--- Problem statement ---
Somewhere below are a line with "[:Var v:]) m = [:0,1:]" and a later line with "m * ([:Poly_Mapping.single". Output exactly those lines and all lines between them.

==========

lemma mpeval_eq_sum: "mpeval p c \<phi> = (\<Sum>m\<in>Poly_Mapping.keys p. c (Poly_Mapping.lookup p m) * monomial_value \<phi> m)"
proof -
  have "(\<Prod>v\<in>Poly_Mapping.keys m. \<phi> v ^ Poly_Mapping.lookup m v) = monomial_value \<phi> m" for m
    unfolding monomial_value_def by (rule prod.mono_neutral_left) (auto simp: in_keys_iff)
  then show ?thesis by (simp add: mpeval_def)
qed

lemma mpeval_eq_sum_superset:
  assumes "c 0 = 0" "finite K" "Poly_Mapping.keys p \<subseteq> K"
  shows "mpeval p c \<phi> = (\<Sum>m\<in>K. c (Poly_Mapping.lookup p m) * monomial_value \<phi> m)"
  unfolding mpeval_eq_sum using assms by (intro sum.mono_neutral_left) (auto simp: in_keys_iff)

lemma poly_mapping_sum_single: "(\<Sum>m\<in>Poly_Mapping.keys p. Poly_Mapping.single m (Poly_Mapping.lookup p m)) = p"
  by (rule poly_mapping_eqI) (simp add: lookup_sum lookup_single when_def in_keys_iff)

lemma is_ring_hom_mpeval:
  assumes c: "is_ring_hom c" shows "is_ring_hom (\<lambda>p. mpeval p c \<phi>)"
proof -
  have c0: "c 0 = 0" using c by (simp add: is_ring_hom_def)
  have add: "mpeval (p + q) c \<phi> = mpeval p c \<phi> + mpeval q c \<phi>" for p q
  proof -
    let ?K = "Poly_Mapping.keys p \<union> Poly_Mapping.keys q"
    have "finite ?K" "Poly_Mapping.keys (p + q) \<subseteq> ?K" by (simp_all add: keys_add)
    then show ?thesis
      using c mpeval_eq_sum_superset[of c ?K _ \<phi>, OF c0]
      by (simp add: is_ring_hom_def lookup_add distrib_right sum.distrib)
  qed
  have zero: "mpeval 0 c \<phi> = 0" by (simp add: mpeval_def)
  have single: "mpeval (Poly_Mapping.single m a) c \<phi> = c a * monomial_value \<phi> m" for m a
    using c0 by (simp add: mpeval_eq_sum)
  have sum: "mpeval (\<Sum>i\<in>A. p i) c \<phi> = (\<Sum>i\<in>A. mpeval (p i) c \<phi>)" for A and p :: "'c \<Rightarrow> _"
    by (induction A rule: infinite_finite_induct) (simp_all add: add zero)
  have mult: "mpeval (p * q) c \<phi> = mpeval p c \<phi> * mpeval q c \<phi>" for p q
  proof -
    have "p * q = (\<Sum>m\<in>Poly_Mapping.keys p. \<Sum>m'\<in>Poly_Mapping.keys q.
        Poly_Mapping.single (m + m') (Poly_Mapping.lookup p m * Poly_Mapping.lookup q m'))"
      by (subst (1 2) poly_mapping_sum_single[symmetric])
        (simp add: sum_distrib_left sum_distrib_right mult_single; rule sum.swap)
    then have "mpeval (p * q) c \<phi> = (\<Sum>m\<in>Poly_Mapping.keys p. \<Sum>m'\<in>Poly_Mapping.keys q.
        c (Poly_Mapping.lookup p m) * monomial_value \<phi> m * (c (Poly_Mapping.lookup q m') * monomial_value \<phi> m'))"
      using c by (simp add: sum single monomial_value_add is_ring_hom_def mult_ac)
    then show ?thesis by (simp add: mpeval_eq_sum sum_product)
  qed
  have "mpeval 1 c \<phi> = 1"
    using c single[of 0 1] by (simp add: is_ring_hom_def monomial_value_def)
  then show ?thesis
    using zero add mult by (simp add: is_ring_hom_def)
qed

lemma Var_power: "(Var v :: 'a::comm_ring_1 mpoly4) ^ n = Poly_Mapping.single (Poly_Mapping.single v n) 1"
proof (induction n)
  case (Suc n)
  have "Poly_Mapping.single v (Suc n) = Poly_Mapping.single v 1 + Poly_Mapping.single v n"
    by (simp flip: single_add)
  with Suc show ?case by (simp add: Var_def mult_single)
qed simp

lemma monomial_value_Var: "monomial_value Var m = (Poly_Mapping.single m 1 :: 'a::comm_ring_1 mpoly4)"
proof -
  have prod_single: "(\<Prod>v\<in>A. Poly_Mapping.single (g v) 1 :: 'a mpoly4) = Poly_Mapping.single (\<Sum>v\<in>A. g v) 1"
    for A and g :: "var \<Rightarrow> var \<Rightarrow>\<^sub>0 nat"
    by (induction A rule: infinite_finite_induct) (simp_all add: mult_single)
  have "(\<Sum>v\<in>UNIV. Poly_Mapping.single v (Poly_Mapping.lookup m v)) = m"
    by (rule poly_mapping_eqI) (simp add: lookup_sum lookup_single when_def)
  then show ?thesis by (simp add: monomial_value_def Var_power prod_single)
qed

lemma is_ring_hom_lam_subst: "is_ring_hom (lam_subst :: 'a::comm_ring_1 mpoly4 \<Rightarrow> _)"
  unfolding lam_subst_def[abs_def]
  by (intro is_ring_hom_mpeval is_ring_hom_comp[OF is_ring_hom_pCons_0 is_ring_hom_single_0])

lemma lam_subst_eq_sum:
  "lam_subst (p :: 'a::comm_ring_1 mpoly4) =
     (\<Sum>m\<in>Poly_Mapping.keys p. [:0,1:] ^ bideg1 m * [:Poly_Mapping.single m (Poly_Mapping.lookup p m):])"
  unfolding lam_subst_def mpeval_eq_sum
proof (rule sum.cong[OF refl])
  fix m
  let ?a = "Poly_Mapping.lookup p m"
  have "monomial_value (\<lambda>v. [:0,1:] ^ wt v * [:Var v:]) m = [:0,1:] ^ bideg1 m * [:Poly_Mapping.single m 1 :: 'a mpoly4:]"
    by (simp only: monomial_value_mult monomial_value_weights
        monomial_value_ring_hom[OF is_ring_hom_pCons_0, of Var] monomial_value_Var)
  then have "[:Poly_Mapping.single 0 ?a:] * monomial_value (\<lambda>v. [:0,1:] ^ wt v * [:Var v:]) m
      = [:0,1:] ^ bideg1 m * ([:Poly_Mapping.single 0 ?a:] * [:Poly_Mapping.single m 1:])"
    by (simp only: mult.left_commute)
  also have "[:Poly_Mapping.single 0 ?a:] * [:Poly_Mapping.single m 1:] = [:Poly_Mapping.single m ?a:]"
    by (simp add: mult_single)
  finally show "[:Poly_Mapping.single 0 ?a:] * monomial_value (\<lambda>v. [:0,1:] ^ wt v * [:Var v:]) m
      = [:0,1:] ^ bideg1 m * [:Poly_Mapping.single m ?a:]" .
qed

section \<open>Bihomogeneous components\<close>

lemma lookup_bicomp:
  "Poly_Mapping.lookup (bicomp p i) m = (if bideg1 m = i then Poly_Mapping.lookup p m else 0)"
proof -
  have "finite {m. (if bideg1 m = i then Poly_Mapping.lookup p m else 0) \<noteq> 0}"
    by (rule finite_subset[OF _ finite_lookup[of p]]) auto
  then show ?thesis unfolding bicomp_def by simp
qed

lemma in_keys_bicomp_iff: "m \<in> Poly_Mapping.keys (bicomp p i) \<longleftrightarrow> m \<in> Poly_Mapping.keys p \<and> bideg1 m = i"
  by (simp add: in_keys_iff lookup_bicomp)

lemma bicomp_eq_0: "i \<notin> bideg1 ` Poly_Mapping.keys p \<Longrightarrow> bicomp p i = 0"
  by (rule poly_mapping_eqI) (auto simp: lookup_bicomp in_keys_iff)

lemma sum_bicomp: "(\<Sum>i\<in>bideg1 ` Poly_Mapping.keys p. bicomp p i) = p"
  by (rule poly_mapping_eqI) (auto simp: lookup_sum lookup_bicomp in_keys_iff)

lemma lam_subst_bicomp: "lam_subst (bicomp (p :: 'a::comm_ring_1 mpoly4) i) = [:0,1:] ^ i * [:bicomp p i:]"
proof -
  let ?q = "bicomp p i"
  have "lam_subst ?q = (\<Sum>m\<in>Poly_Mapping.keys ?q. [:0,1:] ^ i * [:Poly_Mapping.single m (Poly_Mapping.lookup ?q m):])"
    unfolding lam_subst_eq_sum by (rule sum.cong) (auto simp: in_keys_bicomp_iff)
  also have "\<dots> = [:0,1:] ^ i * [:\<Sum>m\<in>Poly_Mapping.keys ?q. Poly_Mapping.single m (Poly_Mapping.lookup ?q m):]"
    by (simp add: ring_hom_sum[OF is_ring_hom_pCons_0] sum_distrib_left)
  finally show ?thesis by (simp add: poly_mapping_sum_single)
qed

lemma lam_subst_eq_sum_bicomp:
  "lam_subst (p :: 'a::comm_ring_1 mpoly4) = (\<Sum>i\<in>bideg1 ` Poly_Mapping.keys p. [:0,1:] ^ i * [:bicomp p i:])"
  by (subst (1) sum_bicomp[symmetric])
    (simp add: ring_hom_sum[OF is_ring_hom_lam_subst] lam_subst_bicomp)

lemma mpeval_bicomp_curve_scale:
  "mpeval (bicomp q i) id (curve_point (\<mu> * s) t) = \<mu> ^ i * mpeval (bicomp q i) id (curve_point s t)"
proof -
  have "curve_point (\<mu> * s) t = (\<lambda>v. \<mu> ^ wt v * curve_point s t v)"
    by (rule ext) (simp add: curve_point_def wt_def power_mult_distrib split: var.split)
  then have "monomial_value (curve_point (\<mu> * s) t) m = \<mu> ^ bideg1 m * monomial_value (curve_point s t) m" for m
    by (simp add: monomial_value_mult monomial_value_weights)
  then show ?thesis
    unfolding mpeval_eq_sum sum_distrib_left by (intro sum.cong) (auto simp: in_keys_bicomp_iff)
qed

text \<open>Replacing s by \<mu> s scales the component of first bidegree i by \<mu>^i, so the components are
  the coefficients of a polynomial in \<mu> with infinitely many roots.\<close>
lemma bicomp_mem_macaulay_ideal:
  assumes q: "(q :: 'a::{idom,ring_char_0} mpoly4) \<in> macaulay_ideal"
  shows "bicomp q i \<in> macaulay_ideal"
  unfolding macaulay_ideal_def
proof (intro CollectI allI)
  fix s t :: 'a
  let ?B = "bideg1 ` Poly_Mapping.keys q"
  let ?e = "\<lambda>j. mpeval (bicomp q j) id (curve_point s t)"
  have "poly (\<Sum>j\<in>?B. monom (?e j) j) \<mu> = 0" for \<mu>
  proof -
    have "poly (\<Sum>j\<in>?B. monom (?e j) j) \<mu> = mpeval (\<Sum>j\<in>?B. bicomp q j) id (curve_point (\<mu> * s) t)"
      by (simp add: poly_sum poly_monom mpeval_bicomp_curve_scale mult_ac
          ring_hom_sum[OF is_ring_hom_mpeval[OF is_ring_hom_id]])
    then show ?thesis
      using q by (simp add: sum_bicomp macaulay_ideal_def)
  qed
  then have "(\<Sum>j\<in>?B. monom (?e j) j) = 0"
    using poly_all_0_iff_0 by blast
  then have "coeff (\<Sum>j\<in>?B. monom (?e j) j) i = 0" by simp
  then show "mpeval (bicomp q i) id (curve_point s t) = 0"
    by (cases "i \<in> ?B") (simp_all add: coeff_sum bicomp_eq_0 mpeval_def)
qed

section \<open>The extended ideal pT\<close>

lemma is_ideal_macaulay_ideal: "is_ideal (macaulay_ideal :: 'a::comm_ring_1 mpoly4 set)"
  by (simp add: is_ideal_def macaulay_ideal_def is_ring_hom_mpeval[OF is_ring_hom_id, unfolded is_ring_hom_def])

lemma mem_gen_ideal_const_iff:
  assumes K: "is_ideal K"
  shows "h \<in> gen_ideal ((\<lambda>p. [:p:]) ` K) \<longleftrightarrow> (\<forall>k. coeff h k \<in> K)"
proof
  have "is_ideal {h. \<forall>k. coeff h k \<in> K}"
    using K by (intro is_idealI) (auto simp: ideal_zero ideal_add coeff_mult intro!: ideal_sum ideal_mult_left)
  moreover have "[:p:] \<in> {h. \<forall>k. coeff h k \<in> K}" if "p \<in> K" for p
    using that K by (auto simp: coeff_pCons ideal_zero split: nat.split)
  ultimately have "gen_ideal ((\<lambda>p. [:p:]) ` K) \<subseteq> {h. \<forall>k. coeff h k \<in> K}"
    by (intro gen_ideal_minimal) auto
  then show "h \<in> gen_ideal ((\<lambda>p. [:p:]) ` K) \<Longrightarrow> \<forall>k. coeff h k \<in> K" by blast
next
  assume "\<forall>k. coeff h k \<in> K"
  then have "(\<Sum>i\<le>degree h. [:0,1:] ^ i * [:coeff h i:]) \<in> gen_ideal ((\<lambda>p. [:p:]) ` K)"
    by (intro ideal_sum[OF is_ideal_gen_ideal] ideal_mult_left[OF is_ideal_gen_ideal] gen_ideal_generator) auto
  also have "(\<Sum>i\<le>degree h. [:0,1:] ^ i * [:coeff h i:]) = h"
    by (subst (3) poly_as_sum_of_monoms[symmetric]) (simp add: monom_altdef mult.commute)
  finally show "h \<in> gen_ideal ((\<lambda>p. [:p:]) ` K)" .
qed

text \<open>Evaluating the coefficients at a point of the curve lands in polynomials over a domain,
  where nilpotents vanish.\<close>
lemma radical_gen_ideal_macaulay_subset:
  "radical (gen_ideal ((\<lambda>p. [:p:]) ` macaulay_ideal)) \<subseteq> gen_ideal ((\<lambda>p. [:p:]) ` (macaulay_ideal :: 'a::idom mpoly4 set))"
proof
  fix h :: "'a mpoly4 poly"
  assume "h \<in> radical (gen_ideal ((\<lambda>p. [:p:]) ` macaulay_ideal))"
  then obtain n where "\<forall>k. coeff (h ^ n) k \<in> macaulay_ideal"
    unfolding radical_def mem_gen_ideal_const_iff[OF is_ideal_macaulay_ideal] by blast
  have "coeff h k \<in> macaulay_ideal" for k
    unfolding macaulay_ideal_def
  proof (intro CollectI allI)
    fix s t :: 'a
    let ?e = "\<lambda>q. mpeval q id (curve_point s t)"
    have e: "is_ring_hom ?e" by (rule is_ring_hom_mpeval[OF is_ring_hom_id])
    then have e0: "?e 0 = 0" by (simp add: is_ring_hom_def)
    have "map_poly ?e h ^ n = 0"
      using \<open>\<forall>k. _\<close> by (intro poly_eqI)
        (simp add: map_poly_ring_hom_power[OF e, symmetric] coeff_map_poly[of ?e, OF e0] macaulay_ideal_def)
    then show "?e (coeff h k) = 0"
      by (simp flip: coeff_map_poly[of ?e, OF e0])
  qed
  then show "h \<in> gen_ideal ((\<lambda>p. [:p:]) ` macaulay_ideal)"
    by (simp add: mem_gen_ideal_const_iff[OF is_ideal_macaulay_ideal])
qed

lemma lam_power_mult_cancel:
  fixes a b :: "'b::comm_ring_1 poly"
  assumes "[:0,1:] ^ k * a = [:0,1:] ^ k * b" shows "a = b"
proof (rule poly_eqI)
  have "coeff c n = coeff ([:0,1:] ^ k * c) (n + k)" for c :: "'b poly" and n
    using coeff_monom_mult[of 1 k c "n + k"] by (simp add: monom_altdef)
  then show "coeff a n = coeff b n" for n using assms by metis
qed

==========

--- Exercise answer ---
  have "monomial_value (\<lambda>v. [:0,1:] ^ wt v * [:Var v:]) m = [:0,1:] ^ bideg1 m * [:Poly_Mapping.single m 1 :: 'a mpoly4:]"
    by (simp only: monomial_value_mult monomial_value_weights
        monomial_value_ring_hom[OF is_ring_hom_pCons_0, of Var] monomial_value_Var)
  then have "[:Poly_Mapping.single 0 ?a:] * monomial_value (\<lambda>v. [:0,1:] ^ wt v * [:Var v:]) m
      = [:0,1:] ^ bideg1 m * ([:Poly_Mapping.single 0 ?a:] * [:Poly_Mapping.single m 1:])"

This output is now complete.